SACRAMENTO, Calif (AP) — California lawmakers are considering upending the state’s struggling bottle and can recycling program by requiring beverage distributors to create a new system to take back their own containers, similar to one that has been successful in neighboring Oregon.
A state Senate committee is set to consider the proposal Wednesday as part of a plan that also would add wine and liquor bottles to the program in 2024. California is one of 10 states where consumers must pay a 5- or 10-cent deposit on bottles and cans that they can redeem when they turn in those containers, with the goal of increasing the chance people will recycle.
The problem is about half of California’s recycling centers have closed in recent years, leaving people more likely to toss containers in the garbage instead of taking them in to be reused and getting their money back. All of San Francisco, for instance, now has just four locations.
The measure by Democratic Sen. Bob Wieckowski of Fremont would require beverage makers to come up with their own more convenient recycling program by 2024. It would eventually reduce the state’s role in oversight and enforcement.
“The current system is broken down, it’s antiquated, it’s done,” he said. His proposal should appeal to Republicans as well as Democrats because “we’re going to turn it over to private business.”
Oregon, Michigan, Norway, Germany and Lithuania all put the responsibility on the beverage industry and require retailers to accept recyclables, and all have higher redemption rates than California, the advocacy group Consumer Watchdog said Tuesday.
The group calls California’s program “the most inconvenient” out of 50 bottle deposit programs it reviewed.
“We don’t have a place to bring our bottles and cans,” said Jamie Court, the group’s president. “The companies that are making the money selling the juice and soda are also the companies that should be handling the redemption and be responsible for having a 90% redemption rate.”
It recommended retailers, among other steps, use “reverse vending machines” that allow consumers to feed empties into a machine and give them cash or store credit.
The group says two-thirds of containers are redeemed by consumers in California, with an additional 12% redeemed by curbside waste haulers, not the customers who bought the products. It projected that adding wine and liquor bottles would increase recycling proceeds by about $100 million a year.
PepsiCo and The Coca-Cola Co. did not respond to telephone and email requests seeking comment, but opposition to the measure is coming from the California Beer & Beverage Distributors, the Institute of Scrap Recycling Industries and Protect CRV, which represents the state’s remaining neighborhood recycling centers. CRV stands for California Refund Value, the nickel or dime deposit on each container.
Only Protect CRV responded to requests for comment, saying it supports turning the program over to the beverage makers. But the group is concerned that neighborhood centers could be left out and that reform won’t come soon enough to save some struggling centers, said Jeff Donlevy, the group’s treasurer and general manager of Ming’s Recycling in Sacramento and Hayward.
Without quick changes, “more are going to close and more people will get used to throwing it in their curbside containers,” Donlevy said.
California’s largest operator of recycling redemption centers closed in August, with RePlanet president David Lawrence blaming increased business costs and falling prices of recycled aluminum and plastic.

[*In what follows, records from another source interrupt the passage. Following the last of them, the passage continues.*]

(* Let $r,\alpha\in\mathbb R$, $\sigma\in\mathbb R\setminus\{0\}$, let $X$ be the geometric Brownian motion $dX(t)=\alpha X(t)dt+\sigma X(t)dW(t)$, and let $g:]0,\infty[\to[0,+\infty]$ be Borel measurable with $\int_0^\infty g(x)\,dx\in]0,\infty]$. Let $d_1,d_2\in\mathbb C$ be the two roots of $P(d)=\frac{\sigma^2}{2}d^2+(\alpha-\frac{\sigma^2}{2})d-r$. If $d_1=d_2$, or $d_1=\overline{d_2}\in\mathbb C\setminus\mathbb R$, then $$E_x\left[\int_0^\infty e^{-rt}g(X(t))\,dt\right]=\infty$$ for every $x>0$.
   Context: $W$ is a standard Brownian motion and $E_x$ denotes expectation given $X(0)=x$. *)

theory Defs
  imports "HOL-Probability.Probability"
begin

definition brownian_motion :: "'a measure \<Rightarrow> (real \<Rightarrow> 'a \<Rightarrow> real) \<Rightarrow> bool" where
  "brownian_motion M W \<longleftrightarrow>
     prob_space M \<and>
     (\<forall>t\<ge>0. W t \<in> borel_measurable M) \<and>
     (\<forall>\<omega>\<in>space M. W 0 \<omega> = 0) \<and>
     (\<forall>\<omega>\<in>space M. continuous_on {0..} (\<lambda>t. W t \<omega>)) \<and>
     (\<forall>s t. 0 \<le> s \<and> s < t \<longrightarrow>
        distributed M lborel (\<lambda>\<omega>. W t \<omega> - W s \<omega>) (normal_density 0 (sqrt (t - s)))) \<and>
     (\<forall>ts::real list. sorted_wrt (<) ts \<and> (\<forall>t\<in>set ts. 0 \<le> t) \<longrightarrow>
        prob_space.indep_vars M (\<lambda>_. borel)
          (\<lambda>i \<omega>. W (ts ! Suc i) \<omega> - W (ts ! i) \<omega>) {..<length ts - 1})"

text \<open>The (unique strong) solution of dX = alpha X dt + sigma X dW with X(0) = x.\<close>
definition gbm :: "real \<Rightarrow> real \<Rightarrow> real \<Rightarrow> (real \<Rightarrow> 'a \<Rightarrow> real) \<Rightarrow> real \<Rightarrow> 'a \<Rightarrow> real" where
  "gbm \<alpha> \<sigma> x W t \<omega> = x * exp ((\<alpha> - \<sigma>\<^sup>2 / 2) * t + \<sigma> * W t \<omega>)"

end

theory Submission
  imports Defs
begin

text \<open>With \<open>\<mu> = \<alpha> - \<sigma>\<^sup>2/2\<close>, \<open>log (X t / x) = \<mu> t + \<sigma> W t\<close> has the \<open>N(\<mu> t, \<sigma>\<^sup>2 t)\<close> density
  \<open>p t\<close>, so by Tonelli \<open>E\<^sub>x \<integral> exp (-r t) g (X t) dt = \<integral> g (x e\<^sup>v) R v dv\<close>
  with the resolvent density \<open>R v = \<integral>\<^sub>0\<^sup>\<infinity> exp (-r t) p t v dt\<close>. Completing the square,
  \<open>exp (-r t) p t v = C v / \<surd>t \<cdot> exp (- v\<^sup>2/(2\<sigma>\<^sup>2t) - t \<Delta>/(2\<sigma>\<^sup>2))\<close>, where \<open>\<Delta> = \<mu>\<^sup>2 + 2\<sigma>\<^sup>2r\<close>
  is the discriminant of \<open>P\<close>, and \<open>\<Delta> \<le> 0\<close> exactly when the roots of \<open>P\<close> are double or complex conjugate.
  Hence \<open>R v = \<infinity>\<close> for every \<open>v\<close>, while \<open>\<integral> g (x e\<^sup>v) dv > 0\<close> because \<open>g\<close> is not a.e. zero
  on \<open>]0,\<infinity>[\<close>.\<close>

lemma discriminant_nonpos_if_double_or_conjugate_roots:
  fixes a b c :: real and d1 d2 :: complex
  assumes factor: "\<forall>d. of_real a * d\<^sup>2 + of_real b * d + of_real c = of_real a * (d - d1) * (d - d2)"
    and roots: "d1 = d2 \<or> d1 = cnj d2"
  shows "b\<^sup>2 - 4 * a * c \<le> 0"
proof -
  have c: "of_real c = of_real a * d1 * d2"
    using factor[rule_format, of 0] by simp
  have "of_real a + of_real b + of_real c = of_real a * (1 - d1) * (1 - d2)"
    using factor[rule_format, of 1] by simp
  then have b: "of_real b = - of_real a * (d1 + d2)"
    using c by (simp add: algebra_simps eq_neg_iff_add_eq_0)
  have disc: "complex_of_real (b\<^sup>2 - 4 * a * c) = (of_real a * (d1 - d2))\<^sup>2"
    unfolding of_real_diff of_real_mult of_real_power b c by (simp add: power2_eq_square algebra_simps)
  obtain y :: real where "(d1 - d2)\<^sup>2 = of_real (- y\<^sup>2)"
  proof (cases "d1 = d2")
    case False
    with roots have "(d1 - d2)\<^sup>2 = of_real (- (2 * Im d1)\<^sup>2)"
      by (auto simp: complex_eq_iff power2_eq_square)
    then show thesis by (rule that)
  qed (auto intro: that[of 0])
  then have "complex_of_real (b\<^sup>2 - 4 * a * c) = of_real (- (a * y)\<^sup>2)"
    unfolding disc by (simp add: power_mult_distrib)
  then show ?thesis
    by (simp only: of_real_eq_iff) simp
qed

lemma nn_integral_inverse_sqrt_at_top: "(\<integral>\<^sup>+t\<in>{1..}. ennreal (1 / sqrt t) \<partial>lborel) = \<infinity>"
proof -
  have "of_nat n \<le> (\<integral>\<^sup>+t\<in>{1..}. ennreal (1 / sqrt t) \<partial>lborel)" for n
  proof -
    define m where "m = real n + 1"
    have m: "m \<ge> 1" unfolding m_def by simp
    have "ennreal (real n) \<le> ennreal (1 / m * (m\<^sup>2 - 1))"
      using m by (intro ennreal_leI) (simp add: m_def field_simps power2_eq_square)
    also have "\<dots> = (\<integral>\<^sup>+t. ennreal (1 / m) * indicator {1..m\<^sup>2} t \<partial>lborel)"
      using m by (simp add: nn_integral_cmult ennreal_mult[symmetric])
    also have "\<dots> \<le> (\<integral>\<^sup>+t\<in>{1..}. ennreal (1 / sqrt t) \<partial>lborel)"
    proof (intro nn_integral_mono)
      fix t
      have "1 / m \<le> 1 / sqrt t" if "1 \<le> t" "t \<le> m\<^sup>2"
      proof -
        have "sqrt t \<le> m" using that m by (simp add: real_sqrt_le_iff')
        then show ?thesis using that m by (intro divide_left_mono) auto
      qed
      then show "ennreal (1 / m) * indicator {1..m\<^sup>2} t \<le> ennreal (1 / sqrt t) * indicator {1..} t"
        by (auto intro: ennreal_leI split: split_indicator)
    qed
    finally show ?thesis by (simp add: ennreal_of_nat_eq_real_of_nat)
  qed
  then have "(SUP n. of_nat n :: ennreal) \<le> (\<integral>\<^sup>+t\<in>{1..}. ennreal (1 / sqrt t) \<partial>lborel)"
    by (rule SUP_least)
  then show ?thesis
    by (simp add: ennreal_SUP_of_nat_eq_top top_unique)
qed

lemma set_nn_integral_cont_up:
  fixes f :: "'a \<Rightarrow> ennreal"
  assumes [measurable]: "f \<in> borel_measurable M" "\<And>i. A i \<in> sets M" and A: "incseq A"
  shows "(\<lambda>i. \<integral>\<^sup>+x\<in>A i. f x \<partial>M) \<longlonglongrightarrow> (\<integral>\<^sup>+x\<in>(\<Union>i. A i). f x \<partial>M)"
proof (rule nn_integral_LIMSEQ)
  show "incseq (\<lambda>i x. f x * indicator (A i) x)"
    using A by (auto simp: incseq_def le_fun_def split: split_indicator)
  show "(\<lambda>i. f x * indicator (A i) x) \<longlonglongrightarrow> f x * indicator (\<Union>i. A i) x" for x
  proof (cases "x \<in> (\<Union>i. A i)")
    case True
    then obtain i where "x \<in> A i" by blast
    then have "x \<in> A n" if "i \<le> n" for n
      using incseqD[OF A that] by blast
    then have "\<forall>\<^sub>F n in sequentially. f x * indicator (A n) x = f x * indicator (\<Union>i. A i) x"
      using True by (intro eventually_sequentiallyI[of i]) simp
    then show ?thesis by (rule tendsto_eventually)
  qed simp
qed simp

lemma nn_integral_exp_substitution:
  fixes f :: "real \<Rightarrow> ennreal" and x :: real
  assumes f[measurable]: "f \<in> borel_measurable borel" and x: "x > 0"
  shows "(\<integral>\<^sup>+y\<in>{0<..}. f y \<partial>lborel) = (\<integral>\<^sup>+v. f (x * exp v) * ennreal (x * exp v) \<partial>lborel)"
proof -
  define I where "I n = {- real (Suc n) .. real (Suc n)}" for n
  define J where "J n = {x * exp (- real (Suc n)) .. x * exp (real (Suc n))}" for n
  have "incseq I"
    by (auto simp: incseq_def I_def)
  have "incseq J"
    using x by (auto simp: incseq_def J_def intro: order_trans[rotated])
  have "v \<in> I (nat \<lceil>\<bar>v\<bar>\<rceil>)" for v
    by (auto simp: I_def abs_le_iff) linarith+
  then have "(\<Union>n. I n) = UNIV"
    by blast
  have "(\<Union>n. J n) = {0<..}"
  proof (intro equalityI subsetI)
    fix y assume "y \<in> (\<Union>n. J n)"
    then show "y \<in> {0<..}"
      using x by (auto simp: J_def intro: less_le_trans[rotated])
  next
    fix y :: real assume "y \<in> {0<..}"
    then have "y = x * exp (ln (y / x))"
      using x by simp
    also have "\<dots> \<in> J (nat \<lceil>\<bar>ln (y / x)\<bar>\<rceil>)"
      using \<open>ln (y / x) \<in> I (nat \<lceil>\<bar>ln (y / x)\<bar>\<rceil>)\<close> x by (auto simp: I_def J_def)
    finally show "y \<in> (\<Union>n. J n)" by blast
  qed
  have "(\<integral>\<^sup>+y\<in>J n. f y \<partial>lborel) = (\<integral>\<^sup>+v\<in>I n. f (x * exp v) * ennreal (x * exp v) \<partial>lborel)" for n
    unfolding I_def J_def
    by (rule nn_integral_substitution_aux[OF f])
       (use x in \<open>auto intro!: derivative_eq_intros continuous_intros\<close>)
  moreover have "(\<lambda>n. \<integral>\<^sup>+y\<in>J n. f y \<partial>lborel) \<longlonglongrightarrow> (\<integral>\<^sup>+y\<in>{0<..}. f y \<partial>lborel)"
    using set_nn_integral_cont_up[of f lborel J] \<open>incseq J\<close> \<open>(\<Union>n. J n) = {0<..}\<close>
    by (simp add: J_def)
  moreover have "(\<lambda>n. \<integral>\<^sup>+v\<in>I n. f (x * exp v) * ennreal (x * exp v) \<partial>lborel)
      \<longlonglongrightarrow> (\<integral>\<^sup>+v. f (x * exp v) * ennreal (x * exp v) \<partial>lborel)"
    using set_nn_integral_cont_up[of "\<lambda>v. f (x * exp v) * ennreal (x * exp v)" lborel I]
      \<open>incseq I\<close> \<open>(\<Union>n. I n) = UNIV\<close>
    by (simp add: I_def)
  ultimately show ?thesis
    using LIMSEQ_unique by auto
qed

lemma nn_integral_comp_exp_neq_zero:
  fixes f :: "real \<Rightarrow> ennreal"
  assumes f[measurable]: "f \<in> borel_measurable borel" and "x > 0"
    and nonzero: "(\<integral>\<^sup>+y\<in>{0<..}. f y \<partial>lborel) \<noteq> 0"
  shows "(\<integral>\<^sup>+v. f (x * exp v) \<partial>lborel) \<noteq> 0"
proof
  assume "(\<integral>\<^sup>+v. f (x * exp v) \<partial>lborel) = 0"
  then have "AE v in lborel. f (x * exp v) * ennreal (x * exp v) = 0"
    by (auto simp: nn_integral_0_iff_AE elim: AE_mp)
  then have "(\<integral>\<^sup>+v. f (x * exp v) * ennreal (x * exp v) \<partial>lborel) = 0"
    by (simp add: nn_integral_0_iff_AE)
  with nonzero show False
    using nn_integral_exp_substitution[OF f \<open>x > 0\<close>] by simp
qed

Other countries, particularly China, have become more selective in the types of waste they will buy from the U.S. California’s subsidies also have not kept pace with the slower demand, according to legislative analysts.
While some other states also have seen declining redemption rates in recent years, legislative analysts said Oregon’s has increased. The long-running program there is similar to what Wieckowski proposes — it is run by a cooperative of the state’s beverage distributors and grocery retailers.
The California bill is similar to one from Wieckowski that stalled in the Senate two years ago. He’s confident he can get it through the Senate this year but expects more opposition in the Assembly.
Lawmakers separately will consider two measures later this year requiring manufacturers to reduce single-use packaging by 2024 and make them recyclable or compostable. That change “would also drastically impact the solid waste world in California,” legislative analysts said.